As relayed by ESPN.com’s Brian Windhorst, the Association issued a memo to its squads that outlines a scheduling package for next season aimed at improving player rest and ensuring marquee names are not sitting out for nationally broadcast tilts. Here’s Windhorst with the skinny:

• Eliminating stretches of four games in five days and 18 games in 30 days.

• Reduction of five games in seven nights to just 40 instances across (1.3 per team), down from last year when it was on the schedule 90 times (three per team).

• Reduction in number of back-to-backs to 14.9 per team, down from 16.3 per team. In all, 40 back-to-backs have been eliminated from last season.

• Reduction of single-game road trips by 17 percent.

• Reduction in single-game road trips over 2,000 miles by 67 percent; there are only 11 of them on schedule.

• Increase in weekend games from 549 to 568, much of the boost coming on Saturdays. Previously the NBA avoided Saturdays and Sunday afternoons during football season to dodge conflicts.

The call to this action reached fever pitch last season after instances in which stars such as LeBron James, Chris Paul and the Spurs’ best players didn’t take the floor for some of the league’s many nationally televised affairs. The backlash was swift and cutting, with participants debating whether, say, LeBron owed it to the fans who paid top dollar to play instead of rest, or whether the casual viewer and fan needed to care about preserving player safety into the postseason enough to plan their ticket purchases around preceding and subsequent games.

Though the latest changes are a huge step in the right direction, they are not a panacea. The surviving instances of back-to-backs and four games in five nights will pave the way for certain coaches and organizations to rest their most prized assets. There will be rest nights for LeBron, and the Spurs most definitely won’t cease their player modulation approach.

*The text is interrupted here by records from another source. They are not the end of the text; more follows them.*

(* Let $\alpha\in(0,1)$ be irrational with $\alpha=[0;a_1,a_2,\dots]$. For each $n\ge1$ define the block $C_n$ by: if $a_n\ge2$, $C_n=(q_{n-2}+q_{n-1},\,q_{n-2}+2q_{n-1},\,\dots,\,q_{n-2}+(a_n-1)q_{n-1})$ (the $a_n-1$ numbers $q_{n-2}+jq_{n-1}$, $1\le j\le a_n-1$); if $a_n=1$, $C_n=(2q_{n-2}+q_{n-1})$. Then the concatenation $C_1,C_2,C_3,\dots$, after deleting repeated values, is exactly the increasing enumeration $\mathfrak x_1=1<\mathfrak x_2<\cdots$ of $\mathfrak X$.
   Context: Let $\alpha$ be an irrational real number in $(0,1)$ with continued fraction expansion $\alpha=[0;a_1,a_2,\dots]$ (the $a_i$ positive integers). Convergents: $p_n/q_n=[0;a_1,\dots,a_n]$ for $n\ge1$, with $p_{-1}=1,q_{-1}=0,p_0=0,q_0=1$, so that $q_n=a_nq_{n-1}+q_{n-2}$ and $p_n=a_np_{n-1}+p_{n-2}$. For real $t\ge1$ define $\psi^{[2]*}_\alpha(t)=\min\{|q\alpha-p| : p,q\in\mathbb Z,\ 1\le q\le t,\ p/q\ne p_n/q_n\text{ for all }n\ge0\}$. Let $\mathfrak X$ be the set consisting of $1$ together with all integers $t\ge2$ such that $\psi^{[2]*}_\alpha(t)<\psi^{[2]*}_\alpha(t-1)$ (the points of discontinuity of $\psi^{[2]*}_\alpha$), enumerated increasingly as $\mathfrak x_1=1<\mathfrak x_2<\cdots$. *)

theory Defs
  imports Complex_Main "HOL-Library.Stream" "HOL-Library.Infinite_Set"
begin

text \<open>Continued fraction expansion via the Gauss map:
  cf_rem x 0 = x, cf_rem x (n+1) = frac (1 / cf_rem x n);
  the partial quotients are a_n = floor (1 / cf_rem x (n-1)) for n >= 1,
  so that x = [0; a_1, a_2, ...] for irrational x in (0,1).\<close>

fun cf_rem :: "real \<Rightarrow> nat \<Rightarrow> real" where
  "cf_rem x 0 = x"
| "cf_rem x (Suc n) = frac (1 / cf_rem x n)"

definition cf_a :: "real \<Rightarrow> nat \<Rightarrow> nat" where
  "cf_a x n = nat \<lfloor>1 / cf_rem x (n - 1)\<rfloor>"

text \<open>Shifted indexing: cf_qs x k = q_(k-1) and cf_ps x k = p_(k-1),
  so cf_qs x 0 = q_(-1) = 0, cf_qs x 1 = q_0 = 1, cf_ps x 0 = p_(-1) = 1, cf_ps x 1 = p_0 = 0.\<close>

fun cf_qs :: "real \<Rightarrow> nat \<Rightarrow> nat" where
  "cf_qs x 0 = 0"
| "cf_qs x (Suc 0) = 1"
| "cf_qs x (Suc (Suc n)) = cf_a x (Suc n) * cf_qs x (Suc n) + cf_qs x n"

fun cf_ps :: "real \<Rightarrow> nat \<Rightarrow> nat" where
  "cf_ps x 0 = 1"
| "cf_ps x (Suc 0) = 0"
| "cf_ps x (Suc (Suc n)) = cf_a x (Suc n) * cf_ps x (Suc n) + cf_ps x n"

definition cf_q :: "real \<Rightarrow> nat \<Rightarrow> nat" where "cf_q x n = cf_qs x (Suc n)"
definition cf_p :: "real \<Rightarrow> nat \<Rightarrow> nat" where "cf_p x n = cf_ps x (Suc n)"

definition psi2star :: "real \<Rightarrow> real \<Rightarrow> real" where
  "psi2star \<alpha> t = Inf {\<bar>real_of_int q * \<alpha> - real_of_int p\<bar> | p q :: int.
      1 \<le> q \<and> real_of_int q \<le> t \<and>
      (\<forall>n. real_of_int p / real_of_int q \<noteq> real (cf_p \<alpha> n) / real (cf_q \<alpha> n))}"

definition frakX :: "real \<Rightarrow> nat set" where
  "frakX \<alpha> = {1} \<union> {t. 2 \<le> t \<and> psi2star \<alpha> (real t) < psi2star \<alpha> (real t - 1)}"

text \<open>The block C_n (n >= 1); q_(n-2) = cf_qs x (n-1), q_(n-1) = cf_qs x n.\<close>
definition block_C :: "real \<Rightarrow> nat \<Rightarrow> nat list" where
  "block_C x n = (if 2 \<le> cf_a x n
     then map (\<lambda>j. cf_qs x (n - 1) + j * cf_qs x n) [1..<cf_a x n]
     else [2 * cf_qs x (n - 1) + cf_qs x n])"

text \<open>The concatenation C_1, C_2, C_3, ... as an infinite sequence (index 0 = first element).\<close>
definition concat_C :: "real \<Rightarrow> nat \<Rightarrow> nat" where
  "concat_C x k = flat (smap (block_C x) (fromN 1)) !! k"

text \<open>Indices of first occurrences (deleting repeated values keeps first occurrences).\<close>
definition first_occ :: "(nat \<Rightarrow> nat) \<Rightarrow> nat set" where
  "first_occ s = {j. s j \<notin> s ` {..<j}}"

end

theory Submission
  imports Defs
begin

text \<open>Write \<open>v_n = (p_n, q_n)\<close> and \<open>\<delta>_n = |q_n \<alpha> - p_n|\<close>, so that
  \<open>\<delta>_(n-1) = a_(n+1) \<delta>_n + \<delta>_(n+1)\<close>. Euclid's algorithm writes every lattice point \<open>(p, q)\<close>
  with \<open>p, q \<ge> 1\<close> as \<open>s v_(m-1) + t v_m\<close> with \<open>s, t \<ge> 1\<close> and \<open>t \<le> a_(m+1) s\<close>; then
  \<open>|q \<alpha> - p| = s \<delta>_(m-1) - t \<delta>_m\<close>, and equality \<open>t = a_(m+1) s\<close> means that \<open>p/q\<close> is a
  convergent. Otherwise the point is dominated, in denominator as well as in distance, by an
  entry of the block \<open>C_(m+1)\<close>, and these entries are themselves not convergents. Along the
  concatenation \<open>C_1, C_2, \<dots>\<close> the denominators increase weakly while the distances decrease
  strictly, so \<open>\<psi>(t)\<close> is the distance attached to the last entry not exceeding \<open>t\<close>, and \<open>\<psi>\<close>
  jumps exactly at the values of the concatenation.\<close>

lemma snth_flat_smap_fromN:
  assumes nonempty: "\<And>j. f j \<noteq> []" and i: "i < length (f (N + n))"
  shows "flat (smap f (fromN N)) !! ((\<Sum>j<n. length (f (N + j))) + i) = f (N + n) ! i"
  using i
proof (induction n arbitrary: N)
  case 0
  have "\<forall>xs \<in> sset (smap f (fromN N)). xs \<noteq> []" using nonempty by (auto simp: stream.set_map)
  then show ?case using 0 by (simp add: flat_snth)
next
  case (Suc n)
  have ne: "\<forall>xs \<in> sset (smap f (fromN N)). xs \<noteq> []" using nonempty by (auto simp: stream.set_map)
  have sum: "(\<Sum>j<Suc n. length (f (N + j))) = length (f N) + (\<Sum>j<n. length (f (Suc N + j)))"
    by (subst sum.lessThan_Suc_shift) simp
  have "flat (smap f (fromN N)) !! ((\<Sum>j<Suc n. length (f (N + j))) + i)
      = flat (smap f (fromN (Suc N))) !! ((\<Sum>j<n. length (f (Suc N + j))) + i)"
    unfolding sum add.assoc using ne by (simp add: flat_snth)
  also have "\<dots> = f (Suc N + n) ! i"
    using Suc.IH[of "Suc N"] Suc.prems by simp
  finally show ?case by simp
qed

section \<open>Enumerating the distinct values of a monotone sequence\<close>

lemma enumerate_range_strict_mono:
  fixes f :: "nat \<Rightarrow> 'a::wellorder"
  assumes sm: "strict_mono f"
  shows "enumerate (range f) n = f n"
proof (induction n)
  case 0
  show ?case unfolding enumerate_0
  proof (rule Least_equality)
    show "f 0 \<le> y" if "y \<in> range f" for y
      using that sm by (auto simp: strict_mono_less_eq)
  qed simp
next
  case (Suc n)
  have inf: "infinite (range f)"
    using sm by (simp add: strict_mono_imp_inj_on finite_image_iff)
  show ?case unfolding enumerate_Suc''[OF inf] Suc
  proof (rule Least_equality)
    show "f (Suc n) \<le> y" if "y \<in> range f \<and> f n < y" for y
      using that sm by (auto simp: strict_mono_less strict_mono_less_eq)
  qed (use sm in \<open>simp add: strict_mono_less\<close>)
qed

lemma value_at_Least:
  fixes s :: "nat \<Rightarrow> 'a"
  assumes "v \<in> range s"
  shows "s (LEAST j. s j = v) = v"
proof -
  from assms obtain k where "s k = v" by auto
  then show ?thesis by (rule LeastI)
qed

lemma Least_in_first_occ:
  assumes "v \<in> range s"
  shows "(LEAST j. s j = v) \<in> first_occ s"
proof -
  have "v \<notin> s ` {..<(LEAST j. s j = v)}"
    using not_less_Least by fastforce
  then show ?thesis using value_at_Least[OF assms] by (simp add: first_occ_def)
qed

lemma infinite_first_occ:
  assumes "infinite (range s)"
  shows "infinite (first_occ s)"
proof
  assume fin: "finite (first_occ s)"
  let ?first = "\<lambda>v. LEAST j. s j = v"
  have "?first ` range s \<subseteq> first_occ s" using Least_in_first_occ by blast
  then have "finite (?first ` range s)" using fin by (rule finite_subset)
  moreover have "inj_on ?first (range s)"
    by (rule inj_on_inverseI[where g = s]) (rule value_at_Least)
  ultimately have "finite (range s)" by (rule finite_imageD)
  with assms show False by simp
qed

lemma enumerate_first_occ_mono:
  fixes s :: "nat \<Rightarrow> nat"
  assumes mono: "mono s" and inf: "infinite (range s)"
  shows "s (enumerate (first_occ s) k) = enumerate (range s) k"
proof -
  let ?e = "enumerate (first_occ s)"
  have inf_F: "infinite (first_occ s)" using inf by (rule infinite_first_occ)
  have "strict_mono (s \<circ> ?e)"
  proof (rule strict_monoI)
    fix i j :: nat assume "i < j"
    then have lt: "?e i < ?e j" using inf_F by simp
    have "?e j \<in> first_occ s" using inf_F by (rule enumerate_in_set)
    moreover have "s (?e i) \<in> s ` {..<?e j}" using lt by simp
    ultimately have "s (?e i) \<noteq> s (?e j)" by (auto simp: first_occ_def)
    moreover have "s (?e i) \<le> s (?e j)" using lt mono by (simp add: monoD)
    ultimately show "(s \<circ> ?e) i < (s \<circ> ?e) j" by simp
  qed
  moreover have "range (s \<circ> ?e) = range s"
  proof (intro equalityI subsetI)
    fix v assume v: "v \<in> range s"
    obtain n where "?e n = (LEAST j. s j = v)"
      using enumerate_Ex[OF inf_F Least_in_first_occ[OF v]] by blast
    moreover have "s (LEAST j. s j = v) = v" using v by (rule value_at_Least)
    ultimately have "v = (s \<circ> ?e) n" by simp
    then show "v \<in> range (s \<circ> ?e)" by (rule range_eqI)
  qed auto
  ultimately show ?thesis using enumerate_range_strict_mono[of "s \<circ> ?e" k] by simp
qed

But these tweaks give the NBA a leg on which to stand when speaking with advertisers and when scolding squads that ignore the importance of superstar availability on National TV. Mix those two together, and the league has created a viable model to deter enough marquee-matchup benchings for this issue to subside—until, of course, a top-10 star sits out an ABC game to rest, and it starts up all over again.